### Listed entries:
(* Let $\mathbf{C}$ be a covering of a finite nonempty set $U$. Then $\mathbf{C}$ is an invariable covering if and only if every $x\in U$ has a core block in $\mathbf{C}$ and every $K\in\mathbf{C}$ is the core block of at least one element of $U$.
   Context: A covering of $U$ is a family (set) $\mathbf{C}$ of subsets of $U$ with $\emptyset\notin\mathbf{C}$ and $\bigcup\mathbf{C}=U$; its elements are called blocks. The membership repeat degree of $x\in U$ is $\partial(x)=|\{K\in\mathbf{C}: x\in K\}|$. The common block repeat degree of $(x,y)\in U\times U$ is $\lambda(x,y)=|\{K\in\mathbf{C}: \{x,y\}\subseteq K\}|$. A block $K\in\mathbf{C}$ is a core block of $x\in U$ if $x\in K$ and $\lambda(x,y)=\partial(x)$ for every $y\in K$. A block $K\in\mathbf{C}$ is a reducible element of $\mathbf{C}$ if $K$ is the union of some subfamily of $\mathbf{C}\setminus\{K\}$; otherwise it is irreducible. $\mathbf{C}$ is irreducible if all its blocks are irreducible elements. $\mathbf{C}$ is an invariable covering if $\mathbf{C}$ is irreducible and every $x\in U$ has a core block in $\mathbf{C}$. *)

theory Defs
  imports Main
begin

definition covering :: "'a set \<Rightarrow> 'a set set \<Rightarrow> bool" where
  "covering U C \<longleftrightarrow> {} \<notin> C \<and> \<Union>C = U"

definition mrd :: "'a set set \<Rightarrow> 'a \<Rightarrow> nat" where
  "mrd C x = card {K \<in> C. x \<in> K}"

definition cbrd :: "'a set set \<Rightarrow> 'a \<Rightarrow> 'a \<Rightarrow> nat" where
  "cbrd C x y = card {K \<in> C. {x, y} \<subseteq> K}"

definition core_block :: "'a set set \<Rightarrow> 'a \<Rightarrow> 'a set \<Rightarrow> bool" where
  "core_block C x K \<longleftrightarrow> K \<in> C \<and> x \<in> K \<and> (\<forall>y\<in>K. cbrd C x y = mrd C x)"

definition reducible_elem :: "'a set set \<Rightarrow> 'a set \<Rightarrow> bool" where
  "reducible_elem C K \<longleftrightarrow> K \<in> C \<and> (\<exists>S. S \<subseteq> C - {K} \<and> K = \<Union>S)"

definition irreducible_covering :: "'a set set \<Rightarrow> bool" where
  "irreducible_covering C \<longleftrightarrow> (\<forall>K\<in>C. \<not> reducible_elem C K)"

definition invariable_covering :: "'a set \<Rightarrow> 'a set set \<Rightarrow> bool" where
  "invariable_covering U C \<longleftrightarrow> irreducible_covering C \<and> (\<forall>x\<in>U. \<exists>K. core_block C x K)"

end

theory Submission
  imports Defs
begin

(* For a finite family C, a block K is a core block of x exactly
   when K is the smallest block containing x: the blocks containing both x and
   y are among those containing x, so equal counts force equal families, i.e.
   every block through x also contains y.  With this characterisation:
   - a block that is the core block of one of its points cannot be a union of
     other blocks, since the block of that union through the point would have
     to contain K and be contained in K;
   - a block K that is the core block of none of its points is the union of the
     core blocks of its points, all different from K and contained in K.
   Hence, when every point has a core block, C is irreducible iff every block
   is the core block of some point, which is the theorem, since the blocks of a
   covering of U are finite in number and contained in U. *)

lemma covering_finite_blocks:
  assumes "finite U" and "covering U C"
  shows "finite C" and "\<forall>K\<in>C. K \<subseteq> U"
proof -
  have "C \<subseteq> Pow U" using assms(2) by (auto simp: covering_def)
  then show "finite C" and "\<forall>K\<in>C. K \<subseteq> U"
    using assms(1) finite_subset by auto
qed

lemma core_block_iff_least:
  assumes "finite C"
  shows "core_block C x K \<longleftrightarrow> K \<in> C \<and> x \<in> K \<and> (\<forall>K'\<in>C. x \<in> K' \<longrightarrow> K \<subseteq> K')"
proof
  assume core: "core_block C x K"
  have "y \<in> K'" if K': "K' \<in> C" "x \<in> K'" and y: "y \<in> K" for K' y
  proof -
    have sub: "{A \<in> C. {x, y} \<subseteq> A} \<subseteq> {A \<in> C. x \<in> A}" by auto
    have "card {A \<in> C. {x, y} \<subseteq> A} = card {A \<in> C. x \<in> A}"
      using core y by (simp add: core_block_def cbrd_def mrd_def)
    then have "{A \<in> C. {x, y} \<subseteq> A} = {A \<in> C. x \<in> A}"
      using card_subset_eq[OF _ sub] assms by auto
    then show "y \<in> K'" using K' by blast
  qed
  then show "K \<in> C \<and> x \<in> K \<and> (\<forall>K'\<in>C. x \<in> K' \<longrightarrow> K \<subseteq> K')"
    using core by (auto simp: core_block_def)
next
  assume least: "K \<in> C \<and> x \<in> K \<and> (\<forall>K'\<in>C. x \<in> K' \<longrightarrow> K \<subseteq> K')"
  then have "\<forall>y\<in>K. {A \<in> C. {x, y} \<subseteq> A} = {A \<in> C. x \<in> A}" by blast
  then show "core_block C x K"
    using least by (simp add: core_block_def cbrd_def mrd_def)
qed

lemma core_block_not_reducible:
  assumes "finite C" and "core_block C x K"
  shows "\<not> reducible_elem C K"
proof
  assume "reducible_elem C K"
  then obtain S where S: "S \<subseteq> C - {K}" "K = \<Union>S" by (auto simp: reducible_elem_def)
  have "x \<in> K" using assms(2) by (simp add: core_block_def)
  then obtain K' where K': "K' \<in> S" "x \<in> K'" using S by blast
  moreover have "K' \<in> C" using K' S by blast
  ultimately have "K \<subseteq> K'" using assms core_block_iff_least by metis
  moreover have "K' \<subseteq> K" using K' S by auto
  ultimately show False using K' S by auto
qed

text \<open>If every point of a block K has a core block but K is the core block of
  none of them, then K is the union of those core blocks, hence reducible.\<close>
lemma reducible_if_not_core_block:
  assumes "finite C" and "K \<in> C"
    and has_core: "\<forall>x\<in>K. \<exists>K'. core_block C x K'"
    and not_core: "\<forall>x\<in>K. \<not> core_block C x K"
  shows "reducible_elem C K"
proof -
  obtain f where f: "\<forall>x\<in>K. core_block C x (f x)" using has_core by metis
  have core_sub: "f x \<subseteq> K" if "x \<in> K" for x
    using f that assms(2) core_block_iff_least[OF assms(1)] by metis
  have "f x \<in> C - {K}" if "x \<in> K" for x
    using f not_core that by (metis DiffI core_block_def singletonD)
  then have "f ` K \<subseteq> C - {K}" by blast
  moreover have "K = \<Union>(f ` K)"
    using f core_sub by (auto simp: core_block_def)
  ultimately show ?thesis using assms(2) by (auto simp: reducible_elem_def)
qed

lemma irreducible_iff_blocks_core:
  assumes "finite C" and has_core: "\<forall>x\<in>\<Union>C. \<exists>K. core_block C x K"
  shows "irreducible_covering C \<longleftrightarrow> (\<forall>K\<in>C. \<exists>x\<in>K. core_block C x K)"
proof
  assume "irreducible_covering C"
  then show "\<forall>K\<in>C. \<exists>x\<in>K. core_block C x K"
    using reducible_if_not_core_block[OF assms(1)] has_core
    by (fastforce simp: irreducible_covering_def)
next
  assume "\<forall>K\<in>C. \<exists>x\<in>K. core_block C x K"
  then show "irreducible_covering C"
    using core_block_not_reducible[OF assms(1)] by (auto simp: irreducible_covering_def)
qed

theorem proposition22:
  fixes U :: "'a set" and C :: "'a set set"
  assumes "finite U" and "U \<noteq> {}" and "covering U C"
  shows "invariable_covering U C \<longleftrightarrow>
    ((\<forall>x\<in>U. \<exists>K. core_block C x K) \<and> (\<forall>K\<in>C. \<exists>x\<in>U. core_block C x K))"
proof -
  have fin: "finite C" and blocks: "\<forall>K\<in>C. K \<subseteq> U"
    using covering_finite_blocks[OF assms(1,3)] by auto
  have union: "\<Union>C = U" using assms(3) by (simp add: covering_def)
  have point_in_block: "(\<exists>x\<in>K. core_block C x K) \<longleftrightarrow> (\<exists>x\<in>U. core_block C x K)"
    if "K \<in> C" for K
    using that blocks by (auto simp: core_block_def)
  have "irreducible_covering C \<longleftrightarrow> (\<forall>K\<in>C. \<exists>x\<in>U. core_block C x K)"
    if "\<forall>x\<in>U. \<exists>K. core_block C x K"
    using irreducible_iff_blocks_core[OF fin] that point_in_block union by simp
  then show ?thesis
    unfolding invariable_covering_def by blast
qed

end
(* Suppose Assumptions (A3) and (A6) hold, and let $\chi_2=e^{-\omega}+2\delta M$. Then for every $n\ge0$ and $N\ge1$, almost surely, $$\mathcal{W}_1(\mu_{n+1}^N,\mu_{n+1})\le\mathcal{W}_1(\eta_{n+1}^N,\mu_{n+1})+\delta M\sum_{k=0}^n\chi_2^{n-k}\,\mathcal{W}_1(\eta_k^N,\mu_k).$$
   Context: Setting. Fix integers $d,m\ge1$, a real $d\times d$ matrix $A$ with operator norm $\|A\|$, $\delta\ge0$, a Borel probability measure $\theta$ on $\mathbb{R}^m$, and a measurable $f:\mathbb{R}^d\times\mathcal{P}_1(\mathbb{R}^d)\times\mathbb{R}^m\to\mathbb{R}^d$. $\mathcal{P}_1(\mathbb{R}^d)$: Borel probability measures on $\mathbb{R}^d$ with finite first moment, with the Wasserstein-1 distance $\mathcal{W}_1(\mu,\nu)=\inf E|X-Y|$ over couplings. Particle system: for each $N\ge1$, $\{X_0^{i,N}\}_{i=1}^N$ are exchangeable, each with law $\mu_0\in\mathcal{P}_1(\mathbb{R}^d)$; $\{\epsilon_n^i\}_{i,n\ge1}$ i.i.d. with law $\theta$, independent of the initial conditions; $X_{n+1}^{i,N}=AX_n^{i,N}+\delta f(X_n^{i,N},\mu_n^N,\epsilon_{n+1}^i)$, $\mu_n^N=\frac1N\sum_{i=1}^N\delta_{X_n^{i,N}}$. Nonlinear evolution: $\Psi(\mu)$ is the law of $AX+\delta f(X,\mu,\epsilon)$ with $(X,\epsilon)\sim\mu\otimes\theta$, and $\mu_{n+1}=\Psi(\mu_n)$. Auxiliary system (same noise): $Y_0^{i,N}=X_0^{i,N}$ and $Y_{n+1}^{i,N}=AY_n^{i,N}+\delta f(Y_n^{i,N},\mu_n,\epsilon_{n+1}^i)$ for $n\ge0$, $i=1,\dots,N$; $\eta_n^N:=\frac1N\sum_{i=1}^N\delta_{Y_n^{i,N}}$. $D(z):=\sup\frac{|f(x_1,\mu_1,z)-f(x_2,\mu_2,z)|}{|x_1-x_2|+\mathcal{W}_1(\mu_1,\mu_2)}$ (supremum over $(x_1,\mu_1)\neq(x_2,\mu_2)$), $D_1(z):=|f(0,\delta_0,z)|$. (A3): $\|A\|\le e^{-\omega}$ for some $\omega>0$. (A6): (i) for some $M\in(1,\infty)$, $D(z)\le M$ for $\theta$-a.e. $z$; (ii) there is $\alpha>0$ with $\int e^{\alpha|x|}\mu_0(dx)<\infty$ and $\int e^{\alpha D_1(z)}\theta(dz)<\infty$. *)

theory Defs
  imports "HOL-Probability.Probability"
begin
theorem proposition4:
  fixes J K T :: nat
    and \<phi> :: "nat \<Rightarrow> (nat \<Rightarrow> nat) \<Rightarrow> 'v::euclidean_space"
    and Zs :: "'v set"
    and Z :: "nat \<Rightarrow> 'v"
    and w :: "nat \<Rightarrow> nat \<Rightarrow> nat \<Rightarrow> real"
    and \<delta> \<mu> :: real
  assumes "J \<ge> 1" and "K \<ge> 1" and "T \<ge> 1"
    and "finite Zs"
    and "\<forall>t<T. Z t \<in> Zs"
    and bounded: "\<forall>j<J. \<forall>a\<in>profiles J K. \<forall>z\<in>Zs. \<bar>z \<bullet> \<phi> j a\<bar> \<le> 1"
    and smooth: "\<forall>a\<in>profiles J K. \<forall>a'\<in>profiles J K. \<forall>z\<in>Zs.
        (\<Sum>j<J. z \<bullet> \<phi> j (a(j := a' j)))
          \<le> (\<Sum>j<J. \<delta> * (z \<bullet> \<phi> j a') + \<mu> * (z \<bullet> \<phi> j a))"
    and "\<delta> > 0" and "0 < \<mu>" and "\<mu> < 1"
    and "\<forall>t<T. \<forall>j<J. w t j \<in> prob_simplex K"
  shows "(1 / real T) * (\<Sum>t<T. social_cost J K \<phi> (w t) (Z t))
           \<le> (\<delta> / (1 - \<mu>)) * opt_cost J K T \<phi> Zs Z
             + (1 / ((1 - \<mu>) * real T)) * (\<Sum>j<J. regret J K T \<phi> Zs Z w j)"
proof -
  define S where "S = (\<Sum>t<T. social_cost J K \<phi> (w t) (Z t))"
  define R where "R = (\<Sum>j<J. regret J K T \<phi> Zs Z w j)"
  have pos: "0 < real T" "0 < \<delta> * real T" "0 < 1 - \<mu>" using assms(3,8,10) by auto
  have "((1 - \<mu>) * S - R) / (\<delta> * real T) \<le> opt_cost J K T \<phi> Zs Z"
  proof (rule opt_cost_greatest[OF assms(2)])
    fix \<rho> :: "'v \<Rightarrow> nat \<Rightarrow> nat" assume \<rho>: "\<forall>z\<in>Zs. \<rho> z \<in> profiles J K"
    let ?B = "\<Sum>t<T. \<Sum>j<J. \<phi> j (\<rho> (Z t)) \<bullet> Z t"
    from social_cost_le_benchmark_plus_regret[OF assms(5,11) bounded smooth \<rho>]
    have "((1 - \<mu>) * S - R) / (\<delta> * real T) \<le> (\<delta> * ?B) / (\<delta> * real T)"
      using pos unfolding S_def R_def by (intro divide_right_mono) auto
    also have "\<dots> = (1 / real T) * ?B" using assms(8) by simp
    finally show "((1 - \<mu>) * S - R) / (\<delta> * real T) \<le> (1 / real T) * ?B" .
  qed
  then have "(\<delta> / (1 - \<mu>)) * (((1 - \<mu>) * S - R) / (\<delta> * real T))
               \<le> (\<delta> / (1 - \<mu>)) * opt_cost J K T \<phi> Zs Z"
    using pos assms(8) by (intro mult_left_mono) auto
  moreover have "(\<delta> / (1 - \<mu>)) * (((1 - \<mu>) * S - R) / (\<delta> * real T))
      = ((1 - \<mu>) * S - R) / ((1 - \<mu>) * real T)"
    using pos assms(8) by simp
  also have "\<dots> = (1 / real T) * S - (1 / ((1 - \<mu>) * real T)) * R"
    using pos by (simp add: diff_divide_distrib)
  ultimately show ?thesis unfolding S_def R_def by linarith
qed
(* Let $P\in\mathbb{C}[y]$ with $\deg P\geq 2$, $\delta\in\mathbb{C}\setminus\{0\}$, $h_1(x,y)=(y,P(y)-\delta x)$, $\theta\in(0,2\pi)\setminus\{\frac{\pi}{2},\pi,\frac{3\pi}{2}\}$, $R_\theta$ the linear map of $\mathbb{C}^2$ with matrix $\begin{pmatrix}\cos\theta&-\sin\theta\\ \sin\theta&\cos\theta\end{pmatrix}$, $h_2=R_\theta^{-1}\circ h_1\circ R_\theta$ and $G=\langle h_1,h_2\rangle$. Let $\nu=a_1\delta_{h_1}+a_2\delta_{h_2}+a_3\delta_{h_1^{-1}}+a_4\delta_{h_2^{-1}}$ with $a_i>0$ for each $i$ and $\sum_{i=1}^4a_i=1$. If the filled Julia sets $K(h_1)$ and $K(h_2)$ are disjoint, then there is no $\nu$-stationary Borel probability measure on $\mathbb{C}^2$.
   Context: For an automorphism $h$ of $\mathbb{C}^2$, the filled Julia set is $K(h)=\{(x,y)\in\mathbb{C}^2:(h^n(x,y))_{n\in\mathbb{Z}}\text{ is bounded}\}$. A Borel probability measure $\mu$ on $\mathbb{C}^2$ is $\nu$-stationary if $\mu=a_1(h_1)_*\mu+a_2(h_2)_*\mu+a_3(h_1^{-1})_*\mu+a_4(h_2^{-1})_*\mu$. *)

theory Defs
  imports "HOL-Probability.Probability" "HOL-Computational_Algebra.Polynomial"
begin

definition int_iter :: "('a \<Rightarrow> 'a) \<Rightarrow> int \<Rightarrow> 'a \<Rightarrow> 'a" where
  "int_iter h n = (if n \<ge> 0 then h ^^ nat n else inv h ^^ nat (- n))"

definition filled_julia :: "(complex \<times> complex \<Rightarrow> complex \<times> complex) \<Rightarrow> (complex \<times> complex) set" where
  "filled_julia h = {z. bounded (range (\<lambda>n::int. int_iter h n z))}"

definition henon :: "complex poly \<Rightarrow> complex \<Rightarrow> complex \<times> complex \<Rightarrow> complex \<times> complex" where
  "henon P \<delta> = (\<lambda>(x, y). (y, poly P y - \<delta> * x))"

definition rot :: "real \<Rightarrow> complex \<times> complex \<Rightarrow> complex \<times> complex" where
  "rot \<theta> = (\<lambda>(x, y). (complex_of_real (cos \<theta>) * x - complex_of_real (sin \<theta>) * y,
                       complex_of_real (sin \<theta>) * x + complex_of_real (cos \<theta>) * y))"

definition stationary ::
  "real \<Rightarrow> real \<Rightarrow> real \<Rightarrow> real \<Rightarrow> (complex \<times> complex \<Rightarrow> complex \<times> complex)
   \<Rightarrow> (complex \<times> complex \<Rightarrow> complex \<times> complex) \<Rightarrow> (complex \<times> complex) measure \<Rightarrow> bool" where
  "stationary a1 a2 a3 a4 h1 h2 \<mu> \<longleftrightarrow>
     sets \<mu> = sets borel \<and> prob_space \<mu> \<and>
     (\<forall>A \<in> sets borel.
        emeasure \<mu> A =
          ennreal a1 * emeasure (distr \<mu> borel h1) A
        + ennreal a2 * emeasure (distr \<mu> borel h2) A
        + ennreal a3 * emeasure (distr \<mu> borel (inv h1)) A
        + ennreal a4 * emeasure (distr \<mu> borel (inv h2)) A)"

end

(* Outside a large ball the four letters h1, h2, h1^-1, h2^-1 play ping-pong on four disjoint
   cones: a letter other than the inverse of the last one maps the current cone into its own
   cone, the inverse letter lowers the norm by at least 1, and h1 or h1^-1 sends every point
   outside the ball into a cone.  Weighting a point by r or s for each letter h1^(+-1) or
   h2^(+-1) of its reduced word gives a bounded measurable w with
   a1 w(h1 z) + a2 w(h2 z) + a3 w(h1^-1 z) + a4 w(h2^-1 z) <= w(z),
   strictly outside the ball for suitable r, s < 1.  Integrating against a stationary
   probability measure mu forces equality mu-a.e., so mu lives on the ball; by stationarity so do
   all four orbits of mu-almost every point, which therefore lies in K(h1) and in K(h2). *)

theory Submission
  imports Defs "HOL-Computational_Algebra.Fundamental_Theorem_Algebra"
begin

section \<open>Contraction rates\<close>

lemma weighted_step_lt_1_eventually:
  fixes u v q X Y :: real
  assumes "u + v + q = 1" and "X * (v - u) < q * Y"
  shows "\<forall>\<^sub>F t in at_right 0. u * (1 - t * X) + q * (1 - t * Y) + v / (1 - t * X) < 1"
proof -
  define f where "f t = u * (1 - t * X) + q * (1 - t * Y) + v / (1 - t * X)" for t
  have "(f has_real_derivative X * (v - u) - q * Y) (at 0)"
    unfolding f_def by (auto intro!: derivative_eq_intros simp: algebra_simps)
  then obtain d where "d > 0" "\<forall>t>0. t < d \<longrightarrow> f (0 + t) < f 0"
    using DERIV_neg_dec_right assms(2) by (metis diff_less_0_iff_less)
  moreover have "f 0 = 1" using assms(1) by (simp add: f_def)
  ultimately have "\<forall>\<^sub>F t in at_right 0. f t < 1"
    unfolding eventually_at_right_field by (intro exI[of _ d]) auto
  then show ?thesis unfolding f_def .
qed

text \<open>The rates \<open>r\<close> and \<open>s\<close> by which the ping-pong weight shrinks along \<open>h\<^sub>1\<^sup>\<plusminus>\<^sup>1\<close> and
  \<open>h\<^sub>2\<^sup>\<plusminus>\<^sup>1\<close>; the four inequalities make it strictly superharmonic on each cone.\<close>
lemma contraction_rates_exist:
  fixes a1 a2 a3 a4 :: real
  assumes pos: "0 < a1" "0 < a2" "0 < a3" "0 < a4" and sum: "a1 + a2 + a3 + a4 = 1"
  shows "\<exists>r s. 0 < r \<and> r < 1 \<and> 0 < s \<and> s < 1
    \<and> a1 * r + a2 * s + a4 * s + a3 / r < 1 \<and> a3 * r + a2 * s + a4 * s + a1 / r < 1
    \<and> a1 * r + a3 * r + a2 * s + a4 / s < 1 \<and> a1 * r + a3 * r + a4 * s + a2 / s < 1"
proof -
  define p q where "p = a1 + a3" and "q = a2 + a4"
  define X Y where "X = q + \<bar>a2 - a4\<bar>" and "Y = p + \<bar>a1 - a3\<bar>"
  \<comment> \<open>so that the derivative conditions below reduce to \<open>\<bar>a1 - a3\<bar> * \<bar>a2 - a4\<bar> < p * q\<close>\<close>
  have "\<bar>a1 - a3\<bar> * \<bar>a2 - a4\<bar> < p * q"
  proof -
    have "\<bar>a1 - a3\<bar> * \<bar>a2 - a4\<bar> \<le> \<bar>a1 - a3\<bar> * q"
      unfolding q_def using pos by (intro mult_left_mono) auto
    also have "\<dots> < p * q"
      unfolding p_def q_def using pos by (intro mult_strict_right_mono) auto
    finally show ?thesis .
  qed
  then have XY: "X * \<bar>a1 - a3\<bar> < q * Y" "Y * \<bar>a2 - a4\<bar> < p * X"
    unfolding X_def Y_def by (simp_all add: algebra_simps)
  have "X > 0" "Y > 0" using pos unfolding X_def Y_def p_def q_def by (auto intro: add_pos_nonneg)
  have derivative_neg: "X * (a3 - a1) < q * Y" "X * (a1 - a3) < q * Y" "Y * (a4 - a2) < p * X" "Y * (a2 - a4) < p * X"
    using XY mult_left_mono[OF abs_ge_self, of X] mult_left_mono[OF abs_ge_self, of Y]
      \<open>X > 0\<close> \<open>Y > 0\<close> by (smt (verit) abs_minus_commute)+
  have "\<forall>\<^sub>F t in at_right 0. (t \<in> {0<..<1/X} \<and> t \<in> {0<..<1/Y})
      \<and> a1 * (1 - t * X) + q * (1 - t * Y) + a3 / (1 - t * X) < 1
      \<and> a3 * (1 - t * X) + q * (1 - t * Y) + a1 / (1 - t * X) < 1
      \<and> a2 * (1 - t * Y) + p * (1 - t * X) + a4 / (1 - t * Y) < 1
      \<and> a4 * (1 - t * Y) + p * (1 - t * X) + a2 / (1 - t * Y) < 1"
    using \<open>X > 0\<close> \<open>Y > 0\<close> derivative_neg sum
    by (intro eventually_conj eventually_at_right_real weighted_step_lt_1_eventually)
       (auto simp: p_def q_def)
  then obtain t where t: "t \<in> {0<..<1/X}" "t \<in> {0<..<1/Y}"
      "a1 * (1 - t * X) + q * (1 - t * Y) + a3 / (1 - t * X) < 1"
      "a3 * (1 - t * X) + q * (1 - t * Y) + a1 / (1 - t * X) < 1"
      "a2 * (1 - t * Y) + p * (1 - t * X) + a4 / (1 - t * Y) < 1"
      "a4 * (1 - t * Y) + p * (1 - t * X) + a2 / (1 - t * Y) < 1"
    using eventually_happens' trivial_limit_at_right_real by blast
  show ?thesis
    using t \<open>X > 0\<close> \<open>Y > 0\<close>
    by (intro exI[of _ "1 - t * X"] exI[of _ "1 - t * Y"])
       (auto simp: p_def q_def algebra_simps field_simps)
qed

section \<open>Stationary measures of a finitely supported random walk\<close>

locale stationary_measure =
  fixes M :: "'a measure" and \<mu> :: "'a measure" and I :: "'i set"
    and a :: "'i \<Rightarrow> real" and g :: "'i \<Rightarrow> 'a \<Rightarrow> 'a"
  assumes sets_\<mu>: "sets \<mu> = sets M"
    and finite_I: "finite I"
    and a_pos: "k \<in> I \<Longrightarrow> 0 < a k"
    and g_measurable: "k \<in> I \<Longrightarrow> g k \<in> M \<rightarrow>\<^sub>M M"
    and emeasure_stationary:
      "A \<in> sets M \<Longrightarrow> emeasure \<mu> A = (\<Sum>k\<in>I. ennreal (a k) * emeasure (distr \<mu> M (g k)) A)"
begin

lemma space_\<mu>: "space \<mu> = space M"
  using sets_eq_imp_space_eq[OF sets_\<mu>] .

lemma measurable_\<mu>: "measurable \<mu> N = measurable M N"
  by (rule measurable_cong_sets[OF sets_\<mu> refl])

lemma nn_integral_distr_stationary:
  assumes "f \<in> borel_measurable M"
  shows "(\<integral>\<^sup>+x. f x \<partial>\<mu>) = (\<Sum>k\<in>I. ennreal (a k) * (\<integral>\<^sup>+x. f x \<partial>distr \<mu> M (g k)))"
  using assms
proof (induction rule: borel_measurable_induct)
  case (cong f f')
  have "(\<integral>\<^sup>+x. f x \<partial>N) = (\<integral>\<^sup>+x. f' x \<partial>N)" if "space N = space M" for N
    using cong.hyps(3) that by (intro nn_integral_cong) simp
  then show ?case
    using cong.IH by (simp add: space_\<mu>)
next
  case (set A)
  have "(\<integral>\<^sup>+x. indicator A x \<partial>N) = emeasure N A" if "sets N = sets M" for N
    using set that by simp
  then show ?case
    using emeasure_stationary[OF set] by (simp only: sets_\<mu> sets_distr)
next
  case (mult u c)
  have "(\<integral>\<^sup>+x. c * u x \<partial>N) = c * (\<integral>\<^sup>+x. u x \<partial>N)" if "sets N = sets M" for N
    using mult.hyps(2) by (simp add: nn_integral_cmult measurable_cong_sets[OF that refl])
  then show ?case
    by (simp only: sets_\<mu> sets_distr mult.IH sum_distrib_left mult.left_commute)
next
  case (add u v)
  have "(\<integral>\<^sup>+x. v x + u x \<partial>N) = (\<integral>\<^sup>+x. v x \<partial>N) + (\<integral>\<^sup>+x. u x \<partial>N)" if "sets N = sets M" for N
    using add.hyps by (simp add: nn_integral_add measurable_cong_sets[OF that refl])
  then show ?case
    by (simp only: sets_\<mu> sets_distr add.IH sum.distrib distrib_left)
next
  case (seq U)
  have SUP_integral: "(\<integral>\<^sup>+x. (SUP i. U i) x \<partial>N) = (SUP i. \<integral>\<^sup>+x. U i x \<partial>N)"
    if "sets N = sets M" for N
    using seq.hyps
    by (simp add: image_comp nn_integral_monotone_convergence_SUP measurable_cong_sets[OF that refl])
  have "incseq (\<lambda>i. ennreal (a k) * (\<integral>\<^sup>+x. U i x \<partial>distr \<mu> M (g k)))" for k
    using seq.hyps(3) by (auto simp: incseq_def le_fun_def intro!: mult_left_mono nn_integral_mono)
  then have "(\<Sum>k\<in>I. ennreal (a k) * (\<integral>\<^sup>+x. (SUP i. U i) x \<partial>distr \<mu> M (g k)))
      = (SUP i. \<Sum>k\<in>I. ennreal (a k) * (\<integral>\<^sup>+x. U i x \<partial>distr \<mu> M (g k)))"
    by (simp only: SUP_integral sets_distr SUP_mult_left_ennreal ennreal_SUP_sum)
  also have "\<dots> = (\<integral>\<^sup>+x. (SUP i. U i) x \<partial>\<mu>)"
    by (simp only: seq.IH SUP_integral sets_\<mu>)
  finally show ?case ..
qed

### Try it:
Using the records above, gather all lines where the string "case" is present.

### Solved exercise:
  case (cong f f')
  then show ?case
  case (set A)
  then show ?case
  case (mult u c)
  then show ?case
  case (add u v)
  then show ?case
  case (seq U)
  finally show ?case ..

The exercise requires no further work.